Interestingly, previous studies have shown that compounds identified in AEAM caused anti-oedematogenic effect on mice ears. Topical administration of quercetin-3-glucoside (isoquercitrin) reduced ear oedema induced by croton oil (at approximately 0.14 and 0.46 mg/ear; Sosa et al. 2007) or xylene (at 0.02 mg/ear; Fu et al. 2020); as did rutin (at 0.01 and 0.03 mg/ear; Camponogara et al. 2020) or catechin (at 0.6 mg/ear; Pietrovski et al. 2008) in the ear oedema induced by croton oil. On the other hand, in the model of xylene-induced ear oedema, the anti-oedematogenic effect of chlorogenic acid and rutin was demonstrated after oral administration of doses of 10–15 mg/kg and 2.5–10 mg/kg, respectively (Torres-Rêgo et al. 2016). These findings make it reasonable to attribute the anti-inflammatory action of AEAM to the compounds present in this extract.
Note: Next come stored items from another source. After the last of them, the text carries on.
lemma measure_density_halfspaces:
  fixes g :: "'a::euclidean_space \<Rightarrow> real"
  assumes g: "integrable sphere_unif g" "AE x in sphere_unif. 0 \<le> g x"
    and total: "(\<integral>x. g x \<partial>sphere_unif) = 1"
  shows "measure (density sphere_unif (\<lambda>x. ennreal (g x))) (halfspace_pos w)
       + measure (density sphere_unif (\<lambda>x. ennreal (g x))) (halfspace_neg w) = 1"
proof -
  let ?\<mu> = "density sphere_unif (\<lambda>x. ennreal (g x))"
  have \<mu>_eq: "measure ?\<mu> A = (\<integral>x. indicator A x * g x \<partial>sphere_unif)" if "A \<in> sets borel" for A
    using measure_density_eq_integral[OF g] that by simp
  have int: "integrable sphere_unif (\<lambda>x. indicator A x * g x)" if "A \<in> sets borel" for A
    using integrable_mult_indicator[OF _ g(1), of A] that by simp
  have "measure ?\<mu> (halfspace_pos w) + measure ?\<mu> (halfspace_neg w)
       = (\<integral>x. indicator (halfspace_pos w) x * g x + indicator (halfspace_neg w) x * g x \<partial>sphere_unif)"
    unfolding \<mu>_eq[OF sets_halfspace(1)] \<mu>_eq[OF sets_halfspace(2)]
    by (intro Bochner_Integration.integral_add[symmetric] int sets_halfspace)
  also have "\<dots> = (\<integral>x. indicator (sphere 0 1) x * g x \<partial>sphere_unif)"
    by (intro Bochner_Integration.integral_cong)
       (auto simp: halfspace_pos_def halfspace_neg_def split: split_indicator)
  also have "\<dots> = measure ?\<mu> UNIV"
    using measure_density_cong_AE[OF g, of "sphere 0 1" UNIV] AE_sphere_unif_sphere
    by (simp add: \<mu>_eq)
  also have "\<dots> = 1"
    using total by (simp add: \<mu>_eq)
  finally show ?thesis .
qed

lemma measure_density_halfspace_uminus:
  fixes g :: "'a::euclidean_space \<Rightarrow> real" and w :: 'a
  assumes "w \<noteq> 0" and g: "integrable sphere_unif g" "AE x in sphere_unif. 0 \<le> g x"
  shows "measure (density sphere_unif (\<lambda>x. ennreal (g x))) (halfspace_pos (- w))
       = measure (density sphere_unif (\<lambda>x. ennreal (g x))) (halfspace_neg w)"
    and "measure (density sphere_unif (\<lambda>x. ennreal (g x))) (halfspace_neg (- w))
       = measure (density sphere_unif (\<lambda>x. ennreal (g x))) (halfspace_pos w)"
proof -
  note off_hyperplane = AE_sphere_unif_not_orthogonal[OF \<open>w \<noteq> 0\<close>]
  show "measure (density sphere_unif (\<lambda>x. ennreal (g x))) (halfspace_pos (- w))
      = measure (density sphere_unif (\<lambda>x. ennreal (g x))) (halfspace_neg w)"
    by (rule measure_density_cong_AE[OF g], simp_all)
       (rule eventually_mono[OF off_hyperplane], auto simp: halfspace_pos_def halfspace_neg_def)
  show "measure (density sphere_unif (\<lambda>x. ennreal (g x))) (halfspace_neg (- w))
      = measure (density sphere_unif (\<lambda>x. ennreal (g x))) (halfspace_pos w)"
    by (rule measure_density_cong_AE[OF g], simp_all)
       (rule eventually_mono[OF off_hyperplane], auto simp: halfspace_pos_def halfspace_neg_def)
qed

lemma integral_min_reflect:
  fixes g :: "'a::euclidean_space \<Rightarrow> real"
  assumes w: "norm w = 1" and g: "integrable sphere_unif g" "\<And>x. 0 \<le> g x"
    and dom: "\<And>x. x \<bullet> w < 0 \<Longrightarrow> g x \<le> g (reflect w x)"
  shows "(\<integral>x. min (g x) (g (reflect w x)) \<partial>sphere_unif)
       = 2 * measure (density sphere_unif (\<lambda>x. ennreal (g x))) (halfspace_neg w)"
proof -
  let ?R = "reflect w" and ?N = "{x. x \<bullet> w < 0}"
  define k where "k x = indicator ?N x * g x" for x
  have R: "orthogonal_transformation ?R" by (rule orthogonal_transformation_reflect[OF w])
  have N: "?N \<in> sets sphere_unif" by simp
  have k: "integrable sphere_unif k"
    unfolding k_def using integrable_mult_indicator[OF N g(1)] by simp
  have kR: "integrable sphere_unif (\<lambda>x. k (?R x))"
    by (rule integrable_sphere_unif_orthogonal[OF R k])
  have min_split: "min (g x) (g (?R x)) = k x + k (?R x)" if "x \<bullet> w \<noteq> 0" for x
  proof (cases "x \<bullet> w < 0")
    case True
    then show ?thesis
      using dom[OF True] by (simp add: k_def inner_reflect_self[OF w])
  next
    case False
    with that have "?R x \<bullet> w < 0" by (simp add: inner_reflect_self[OF w])
    with dom[OF this] False show ?thesis
      by (simp add: k_def inner_reflect_self[OF w] reflect_reflect[OF w])
  qed
  have "(\<integral>x. min (g x) (g (?R x)) \<partial>sphere_unif) = (\<integral>x. k x + k (?R x) \<partial>sphere_unif)"
  proof (rule integral_cong_AE)
    show "(\<lambda>x. min (g x) (g (?R x))) \<in> borel_measurable sphere_unif"
      using borel_measurable_integrable[OF integrable_min[OF g(1) integrable_sphere_unif_orthogonal[OF R g(1)]]] .
    show "(\<lambda>x. k x + k (?R x)) \<in> borel_measurable sphere_unif"
      using k kR by (intro borel_measurable_integrable) simp
    have "w \<noteq> 0" using w by auto
    show "AE x in sphere_unif. min (g x) (g (?R x)) = k x + k (?R x)"
      using AE_sphere_unif_not_orthogonal[OF \<open>w \<noteq> 0\<close>] by (rule eventually_mono) (rule min_split)
  qed
  also have "\<dots> = 2 * (\<integral>x. k x \<partial>sphere_unif)"
    using k kR integral_sphere_unif_orthogonal[OF R, of k] borel_measurable_integrable[OF k] by simp
  also have "(\<integral>x. k x \<partial>sphere_unif) = measure (density sphere_unif (\<lambda>x. ennreal (g x))) ?N"
    using g by (simp add: measure_density_eq_integral k_def)
  also have "\<dots> = measure (density sphere_unif (\<lambda>x. ennreal (g x))) (halfspace_neg w)"
    using g AE_sphere_unif_sphere
    by (intro measure_density_cong_AE) (auto simp: halfspace_neg_def elim: eventually_mono)
  finally show ?thesis .
qed

lemma DPS_density_reflection_dominated:
  fixes g :: "'a::euclidean_space \<Rightarrow> real"
  assumes w: "norm w = 1" and g_nonneg: "\<And>x. 0 \<le> g x"
    and total: "(\<integral>x. g x \<partial>sphere_unif) = 1"
    and dom: "\<And>x. x \<bullet> w < 0 \<Longrightarrow> g x \<le> g (reflect w x)"
  shows "DPS w (2 * min (measure (density sphere_unif (\<lambda>x. ennreal (g x))) (halfspace_pos w))
                         (measure (density sphere_unif (\<lambda>x. ennreal (g x))) (halfspace_neg w)))
             (density sphere_unif (\<lambda>x. ennreal (g x)))"
proof -
  let ?\<mu> = "density sphere_unif (\<lambda>x. ennreal (g x))"
  define gs where "gs x = min (g x) (g (reflect w x))" for x
  have g: "integrable sphere_unif g"
    using total not_integrable_integral_eq by fastforce
  have gs: "integrable sphere_unif gs"
    unfolding gs_def
    by (intro integrable_min g integrable_sphere_unif_orthogonal[OF orthogonal_transformation_reflect[OF w]])
  have gs_le: "gs x \<le> g x" and gs_nonneg: "0 \<le> gs x" and gs_sym: "gs (reflect w x) = gs x" for x
    using g_nonneg by (auto simp: gs_def reflect_reflect[OF w])
  have mass: "(\<integral>x. gs x \<partial>sphere_unif) = 2 * measure ?\<mu> (halfspace_neg w)"
    unfolding gs_def by (rule integral_min_reflect[OF w g g_nonneg dom])
  have "DPS w (\<integral>x. gs x \<partial>sphere_unif) (density sphere_unif (\<lambda>x. ennreal (g x - gs x + gs x)))"
  proof (rule DPS_density_sum[OF w])
    show "(\<integral>x. g x - gs x \<partial>sphere_unif) + (\<integral>x. gs x \<partial>sphere_unif) = 1"
      using g gs total by simp
  qed (use g gs gs_le gs_nonneg gs_sym in auto)
  moreover have "measure ?\<mu> (halfspace_neg w) \<le> measure ?\<mu> (halfspace_pos w)"
  proof -
    have "(\<integral>x. gs x \<partial>sphere_unif) \<le> (\<integral>x. g x \<partial>sphere_unif)"
      using g gs gs_le by (intro integral_mono) auto
    then show ?thesis
      using mass total measure_density_halfspaces[OF g _ total, of w] g_nonneg by simp
  qed
  ultimately show ?thesis
    using mass by (simp add: min_absorb2)
qed

lemma zonal_reflection_dominance:
  fixes F :: "real \<Rightarrow> real" and w y :: "'a::euclidean_space"
  assumes "mono F \<or> antimono F"
  obtains v where "v = w \<or> v = - w" "\<And>x. x \<bullet> v < 0 \<Longrightarrow> F (x \<bullet> y) \<le> F (reflect v x \<bullet> y)"
proof -
  have dom: "F (x \<bullet> y) \<le> F (reflect v x \<bullet> y)"
    if "x \<bullet> v < 0" and "mono F \<and> 0 \<le> v \<bullet> y \<or> antimono F \<and> v \<bullet> y \<le> 0" for v x
  proof -
    have shift: "reflect v x \<bullet> y = x \<bullet> y - 2 * (x \<bullet> v) * (v \<bullet> y)"
      by (simp add: reflect_def inner_diff_left)
    from that(2) show ?thesis
    proof
      assume "mono F \<and> 0 \<le> v \<bullet> y"
      moreover have "x \<bullet> y \<le> reflect v x \<bullet> y"
        using calculation \<open>x \<bullet> v < 0\<close> by (simp add: shift mult_nonpos_nonneg)
      ultimately show ?thesis by (simp add: monoD)
    next
      assume "antimono F \<and> v \<bullet> y \<le> 0"
      moreover have "reflect v x \<bullet> y \<le> x \<bullet> y"
        using calculation \<open>x \<bullet> v < 0\<close> by (simp add: shift mult_nonpos_nonpos)
      ultimately show ?thesis by (simp add: antimonoD)
    qed
  qed
  consider "mono F \<and> 0 \<le> w \<bullet> y \<or> antimono F \<and> w \<bullet> y \<le> 0"
    | "mono F \<and> 0 \<le> (- w) \<bullet> y \<or> antimono F \<and> (- w) \<bullet> y \<le> 0"
    using assms by (cases "0 \<le> w \<bullet> y") auto
  then show ?thesis
  proof cases
    case 1
    then show ?thesis using that[of w] dom by blast
  next
    case 2
    then show ?thesis using that[of "- w"] dom by blast
  qed
qed

lemma DPS_zonal_density:
  fixes F :: "real \<Rightarrow> real" and y w :: "'a::euclidean_space"
  assumes F: "\<And>t. 0 \<le> F t" "mono F \<or> antimono F"
    and total: "(\<integral>x. F (x \<bullet> y) \<partial>sphere_unif) = 1" and w: "norm w = 1"
  shows "DPS w (2 * min (measure (density sphere_unif (\<lambda>x. ennreal (F (x \<bullet> y)))) (halfspace_pos w))
                         (measure (density sphere_unif (\<lambda>x. ennreal (F (x \<bullet> y)))) (halfspace_neg w)))
             (density sphere_unif (\<lambda>x. ennreal (F (x \<bullet> y))))"
proof -
  obtain v where v: "v = w \<or> v = - w" "\<And>x. x \<bullet> v < 0 \<Longrightarrow> F (x \<bullet> y) \<le> F (reflect v x \<bullet> y)"
    using zonal_reflection_dominance[OF F(2)] by blast
  have "norm v = 1" "w \<noteq> 0" using v(1) w by auto
  have "integrable sphere_unif (\<lambda>x. F (x \<bullet> y))"
    using total not_integrable_integral_eq by fastforce
  then show ?thesis
    using DPS_density_reflection_dominated[OF \<open>norm v = 1\<close> F(1) total v(2)] v(1) F(1)
      measure_density_halfspace_uminus[OF \<open>w \<noteq> 0\<close>]
    by (auto simp: min.commute)
qed

lemma clamped_extension:
  fixes f :: "real \<Rightarrow> real"
  assumes pos: "\<forall>t\<in>{-1..1}. f t > 0" and mono: "mono_on {-1..1} f \<or> antimono_on {-1..1} f"
    and cont: "continuous_on {-1..1} f"
  obtains F where "\<And>t. 0 < F t" "mono F \<or> antimono F" "continuous_on UNIV F"
    "\<And>t. t \<in> {-1..1} \<Longrightarrow> F t = f t"
proof
  define c where "c t = max (-1) (min 1 t)" for t :: real
  have c_in: "c t \<in> {-1..1}" for t by (simp add: c_def)
  have c_mono: "s \<le> t \<Longrightarrow> c s \<le> c t" for s t by (simp add: c_def)
  show "0 < f (c t)" for t using pos c_in by blast
  show "f (c t) = f t" if "t \<in> {-1..1}" for t using that by (simp add: c_def)
  show "continuous_on UNIV (\<lambda>t. f (c t))"
    by (rule continuous_on_compose2[OF cont]) (auto simp: c_def intro!: continuous_intros)
  show "mono (\<lambda>t. f (c t)) \<or> antimono (\<lambda>t. f (c t))"
    using mono
  proof
    assume f_mono: "mono_on {-1..1} f"
    have "mono (\<lambda>t. f (c t))"
      by (rule monoI) (rule mono_onD[OF f_mono c_in c_in c_mono])
    then show ?thesis ..
  next
    assume f_antimono: "antimono_on {-1..1} f"
    have "antimono (\<lambda>t. f (c t))"
      by (rule antimonoI) (rule monotone_onD[OF f_antimono c_in c_in c_mono])
    then show ?thesis ..
  qed
qed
The reduction of MPO activity by the treatment with AEAM in the present study suggests there was reduction of neutrophils at inflamed ear sites. It is widely known that neutrophils participate in the first defence line against pathological agents and release granules containing peroxidases, such as MPO. These enzymes can produce ROS using H2O2 produced by NADPH oxidase, which leads to lipid peroxidation (Osawa 2017). Thus, the MPO activity reduction by AEAM may be directly linked to oxidative stress inhibition and it might be that AEAM compounds directly reduce ROS/RNS formation. Treatment with AEAM decreased total hydroperoxide content in inflamed ears, which can be considered a marker of oxidative alteration in membranes (Osawa 2017). Interestingly, we observed that treatment with AEAM also modulated CAT, but not SOD, activity, which might have contributed to the reduction of oxidative stress, since CAT catalyses the conversion of hydrogen peroxide into water and O2 (Bresciani et al. 2015). Thus, the increase of CAT activity may be other protection mechanism against oxidative damage. Our findings partially agree with those of Moghadamtousi (2015), who reported the wound healing activity of an A. muricata preparation due to the modulation of CAT, SOD and glutathione peroxidase activity enzymes.

Conclusions

The AEAM prepared led to radical scavenging, reduced lipoperoxidation and protected fibroblasts from oxidant alterations and also had an anti-inflammatory effect after topical application on inflamed ears, associated with the inhibition of oxidative stress and augmentation of CAT activity. Thus, we suggest AEAM is a potential preparation for treating cutaneous inflammatory diseases, by maintaining redox homeostasis.